- Data to examine -
== Segment start ==

locale braided_monoidal_category = monoidal_category Ob Ar Dom Cod idm C T Tm I asc lu ru
  for Ob :: "'o set" and Ar :: "'m set"
    and Dom :: "'m \<Rightarrow> 'o" and Cod :: "'m \<Rightarrow> 'o"
    and idm :: "'o \<Rightarrow> 'm" and C :: "'m \<Rightarrow> 'm \<Rightarrow> 'm"
    and T :: "'o \<Rightarrow> 'o \<Rightarrow> 'o" and Tm :: "'m \<Rightarrow> 'm \<Rightarrow> 'm" and I :: 'o
    and asc :: "'o \<Rightarrow> 'o \<Rightarrow> 'o \<Rightarrow> 'm" and lu :: "'o \<Rightarrow> 'm" and ru :: "'o \<Rightarrow> 'm" +
  fixes br :: "'o \<Rightarrow> 'o \<Rightarrow> 'm"
  assumes braid_hom: "\<lbrakk>a \<in> Ob; b \<in> Ob\<rbrakk> \<Longrightarrow> br a b \<in> hom Ar Dom Cod (T a b) (T b a)"
    and braid_iso: "\<lbrakk>a \<in> Ob; b \<in> Ob\<rbrakk> \<Longrightarrow> is_iso Ar Dom Cod idm C (br a b)"
    and braid_nat: "\<lbrakk>f \<in> Ar; g \<in> Ar\<rbrakk>
        \<Longrightarrow> C (br (Cod f) (Cod g)) (Tm f g) = C (Tm g f) (br (Dom f) (Dom g))"
    and hexagon1: "\<lbrakk>a \<in> Ob; b \<in> Ob; c \<in> Ob\<rbrakk>
        \<Longrightarrow> C (asc b c a) (C (br a (T b c)) (asc a b c))
          = C (Tm (idm b) (br a c)) (C (asc b a c) (Tm (br a b) (idm c)))"
    and hexagon2: "\<lbrakk>a \<in> Ob; b \<in> Ob; c \<in> Ob\<rbrakk>
        \<Longrightarrow> C (inv_arr Ar Dom Cod idm C (asc c a b))
              (C (br (T a b) c) (inv_arr Ar Dom Cod idm C (asc a b c)))
          = C (Tm (br a c) (idm b))
              (C (inv_arr Ar Dom Cod idm C (asc a c b)) (Tm (idm a) (br b c)))"

end

theory Submission
  imports Defs
begin
(* Let $a>0$, $b>0$, $q\in(0,1)$ and $t>1$. Then \[ a\gamma - b\ln(1-q) + a\psi(t) - b\psi_q(t) > 0 . \]
   Context: $\gamma$ denotes the Euler–Mascheroni constant and $\psi(t)=\Gamma'(t)/\Gamma(t)$ is the digamma function for $t>0$, where $\Gamma$ is Euler's Gamma function. For $q\in(0,1)$ and $t>0$, the $q$-Gamma function is $\Gamma_q(t)=(1-q)^{1-t}\prod_{n=1}^{\infty}\frac{1-q^n}{1-q^{t+n}}$, and $\psi_q(t)=\frac{d}{dt}\ln\Gamma_q(t)=\Gamma_q'(t)/\Gamma_q(t)$. *)

theory Defs
  imports "HOL-Analysis.Analysis"
begin

definition qGamma :: "real \<Rightarrow> real \<Rightarrow> real" where
  "qGamma q t = (1 - q) powr (1 - t) *
     (\<Prod>n. (1 - q ^ Suc n) / (1 - q powr (t + real (Suc n))))"

definition qDigamma :: "real \<Rightarrow> real \<Rightarrow> real" where
  "qDigamma q t = deriv (\<lambda>s. ln (qGamma q s)) t"

end

theory Submission
  imports Defs
begin

text \<open>Since \<open>\<psi>(1) = -\<gamma>\<close> and \<open>\<psi>\<close> is strictly increasing, \<open>\<gamma> + \<psi>(t) > 0\<close> for \<open>t > 1\<close>.
  Taking logarithms in the product defining \<open>\<Gamma>\<^sub>q\<close> and differentiating termwise (the
  derivative series is dominated by a geometric series uniformly on \<open>t \<ge> 0\<close>) gives
  \<open>\<psi>\<^sub>q(t) = -ln(1-q) + \<Sum>n\<ge>1. q^(t+n) ln q / (1 - q^(t+n))\<close>, a sum of negative terms,
  so \<open>\<psi>\<^sub>q(t) < -ln(1-q)\<close>.\<close>

lemma euler_mascheroni_plus_Digamma_pos:
  fixes t :: real
  assumes "t > 1"
  shows "euler_mascheroni + Digamma t > 0"
proof -
  have "Digamma (1::real) < Digamma t"
    using assms by (intro Digamma_real_strict_mono) auto
  thus ?thesis by simp
qed

text \<open>The logarithm of the \<open>(n+1)\<close>-st factor of the product in \<^const>\<open>qGamma\<close>, written as a
  difference so that no quotient has to be shown positive before differentiating.\<close>
definition ln_qGamma_term :: "real \<Rightarrow> nat \<Rightarrow> real \<Rightarrow> real" where
  "ln_qGamma_term q n s = ln (1 - q ^ Suc n) - ln (1 - q powr (s + real (Suc n)))"

definition ln_qGamma_term_deriv :: "real \<Rightarrow> nat \<Rightarrow> real \<Rightarrow> real" where
  "ln_qGamma_term_deriv q n s =
     ln q * q powr (s + real (Suc n)) / (1 - q powr (s + real (Suc n)))"

context
  fixes q :: real
  assumes q0: "0 < q" and q1: "q < 1"
begin

lemma powr_Suc_less_one: "s \<ge> 0 \<Longrightarrow> q powr (s + real (Suc n)) < 1"
  using q0 q1 by (simp add: powr01_less_one)

lemma powr_Suc_le_power:
  assumes "s \<ge> 0"
  shows "q powr (s + real (Suc n)) \<le> q ^ Suc n"
proof -
  have "q powr (s + real (Suc n)) \<le> q powr real (Suc n)"
    using q0 q1 assms by (intro powr_mono') auto
  also have "\<dots> = q ^ Suc n"
    using q0 by (rule powr_realpow)
  finally show ?thesis .
qed

lemma ln_qGamma_term_0: "ln_qGamma_term q n 0 = 0"
  using powr_realpow[OF q0, of "Suc n"] by (simp add: ln_qGamma_term_def)

lemma has_real_derivative_ln_qGamma_term:
  assumes "s \<ge> 0"
  shows "(ln_qGamma_term q n has_real_derivative ln_qGamma_term_deriv q n s) (at s within S)"
proof -
  have "ln_qGamma_term q n = (\<lambda>s. ln (1 - q ^ Suc n) - ln (1 - exp ((s + real (Suc n)) * ln q)))"
    using q0 by (simp add: fun_eq_iff ln_qGamma_term_def powr_def)
  moreover have "((\<lambda>s. ln (1 - q ^ Suc n) - ln (1 - exp ((s + real (Suc n)) * ln q)))
          has_real_derivative
        0 - (0 - exp ((s + real (Suc n)) * ln q) * ((1 + 0) * ln q))
            / (1 - exp ((s + real (Suc n)) * ln q))) (at s within S)"
    using powr_Suc_less_one[OF assms, of n] q0
    by (intro derivative_eq_intros) (auto simp: powr_def)
  ultimately show ?thesis
    using q0 by (simp add: ln_qGamma_term_deriv_def powr_def mult.commute)
qed

lemma abs_ln_qGamma_term_deriv_le:
  assumes "s \<ge> 0"
  shows "\<bar>ln_qGamma_term_deriv q n s\<bar> \<le> - ln q / (1 - q) * q ^ Suc n"
proof -
  have pos: "0 < 1 - q powr (s + real (Suc n))"
    using powr_Suc_less_one[OF assms] by simp
  have "q ^ Suc n \<le> q"
    using q0 q1 by (simp add: mult_left_le power_le_one)
  hence "1 - q \<le> 1 - q powr (s + real (Suc n))"
    using powr_Suc_le_power[OF assms, of n] by linarith
  hence "q powr (s + real (Suc n)) / (1 - q powr (s + real (Suc n))) \<le> q ^ Suc n / (1 - q)"
    using q0 q1 powr_Suc_le_power[OF assms, of n] by (intro frac_le) auto
  hence "- ln q * (q powr (s + real (Suc n)) / (1 - q powr (s + real (Suc n))))
           \<le> - ln q * (q ^ Suc n / (1 - q))"
    using q0 q1 by (intro mult_left_mono) auto
  thus ?thesis
    using pos q0 q1 by (simp add: ln_qGamma_term_deriv_def abs_mult abs_divide)
qed

lemma ln_qGamma_term_deriv_neg: "t \<ge> 0 \<Longrightarrow> ln_qGamma_term_deriv q n t < 0"
  using powr_Suc_less_one[of t n] q0 q1
  by (simp add: ln_qGamma_term_deriv_def mult_neg_pos divide_neg_pos)

lemma summable_ln_qGamma_term_deriv_bound: "summable (\<lambda>n. - ln q / (1 - q) * q ^ Suc n)"
  using q0 q1 by (intro summable_mult) (simp add: summable_geometric)

lemma ln_qGamma_series:
  assumes "t > 0"
  shows "summable (\<lambda>n. ln_qGamma_term q n t)"
    and "((\<lambda>s. \<Sum>n. ln_qGamma_term q n s) has_real_derivative
           (\<Sum>n. ln_qGamma_term_deriv q n t)) (at t)"
proof -
  have unif: "uniformly_convergent_on {0..} (\<lambda>n s. \<Sum>i<n. ln_qGamma_term_deriv q i s)"
    by (rule Weierstrass_m_test'[OF _ summable_ln_qGamma_term_deriv_bound])
       (use abs_ln_qGamma_term_deriv_le in auto)
  note series = has_field_derivative_series'[OF convex_real_interval(1)
      has_real_derivative_ln_qGamma_term unif _ _ _, of 0]
  show "summable (\<lambda>n. ln_qGamma_term q n t)"
    using series(1)[of t] assms by (simp add: ln_qGamma_term_0)
  show "((\<lambda>s. \<Sum>n. ln_qGamma_term q n s) has_real_derivative
          (\<Sum>n. ln_qGamma_term_deriv q n t)) (at t)"
    using series(2)[of t] assms by (simp add: ln_qGamma_term_0)
qed

lemma ln_qGamma_eq:
  assumes "x > 0"
  shows "ln (qGamma q x) = (1 - x) * ln (1 - q) + (\<Sum>n. ln_qGamma_term q n x)"
proof -
  have "(1 - q ^ Suc n) / (1 - q powr (x + real (Suc n))) = exp (ln_qGamma_term q n x)" for n
    using power_Suc_less_one[OF q0 q1, of n] powr_Suc_less_one[of x n] assms
    by (simp add: ln_qGamma_term_def exp_diff)
  hence "qGamma q x = (1 - q) powr (1 - x) * (\<Prod>n. exp (ln_qGamma_term q n x))"
    by (simp add: qGamma_def)
  also have "\<dots> = (1 - q) powr (1 - x) * exp (\<Sum>n. ln_qGamma_term q n x)"
    using prodinf_exp[OF ln_qGamma_series(1)[OF assms]] by simp
  finally show ?thesis
    using q1 by (simp add: ln_mult ln_powr)
qed

lemma qDigamma_eq_series:
  assumes "t > 0"
  shows "qDigamma q t = - ln (1 - q) + (\<Sum>n. ln_qGamma_term_deriv q n t)"
proof -
  have "((\<lambda>x. (1 - x) * ln (1 - q) + (\<Sum>n. ln_qGamma_term q n x)) has_real_derivative
          - ln (1 - q) + (\<Sum>n. ln_qGamma_term_deriv q n t)) (at t)"
    using ln_qGamma_series(2)[OF assms] by (auto intro!: derivative_eq_intros)
  hence "((\<lambda>s. ln (qGamma q s)) has_real_derivative
          - ln (1 - q) + (\<Sum>n. ln_qGamma_term_deriv q n t)) (at t)"
    by (rule has_field_derivative_transform_within_open[where S = "{0<..}"])
       (use assms ln_qGamma_eq in auto)
  thus ?thesis
    unfolding qDigamma_def by (rule DERIV_imp_deriv)
qed

lemma qDigamma_less_neg_ln:
  assumes "t > 0"
  shows "qDigamma q t < - ln (1 - q)"
proof -
  have summable: "summable (\<lambda>n. ln_qGamma_term_deriv q n t)"
    using assms abs_ln_qGamma_term_deriv_le
    by (intro summable_comparison_test[OF _ summable_ln_qGamma_term_deriv_bound]) auto
  have "(\<Sum>n. ln_qGamma_term_deriv q n t) < 0"
    using suminf_pos[OF summable_minus[OF summable]] suminf_minus[OF summable]
      ln_qGamma_term_deriv_neg assms by fastforce
  thus ?thesis
    using qDigamma_eq_series[OF assms] by simp
qed

end

theorem lemma3p3:
  fixes a b q t :: real
  assumes "a > 0" and "b > 0" and "0 < q" and "q < 1" and "t > 1"
  shows "a * euler_mascheroni - b * ln (1 - q) + a * Digamma t - b * qDigamma q t > 0"
proof -
  have "0 < a * (euler_mascheroni + Digamma t)"
    using assms euler_mascheroni_plus_Digamma_pos by simp
  moreover have "0 < b * (- ln (1 - q) - qDigamma q t)"
    using assms qDigamma_less_neg_ln[of q t] by simp
  ultimately show ?thesis
    by (simp add: algebra_simps)
qed

end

== Segment end ==

- Problem to work on -
Every line above from the line with "using assms abs_ln_qGamma_term_deriv_le" to the line with "using suminf_pos[OF summable_minus[OF", inclusive, must be returned exactly; no other line belongs in the reply.

- Task output -
    using assms abs_ln_qGamma_term_deriv_le
    by (intro summable_comparison_test[OF _ summable_ln_qGamma_term_deriv_bound]) auto
  have "(\<Sum>n. ln_qGamma_term_deriv q n t) < 0"
    using suminf_pos[OF summable_minus[OF summable]] suminf_minus[OF summable]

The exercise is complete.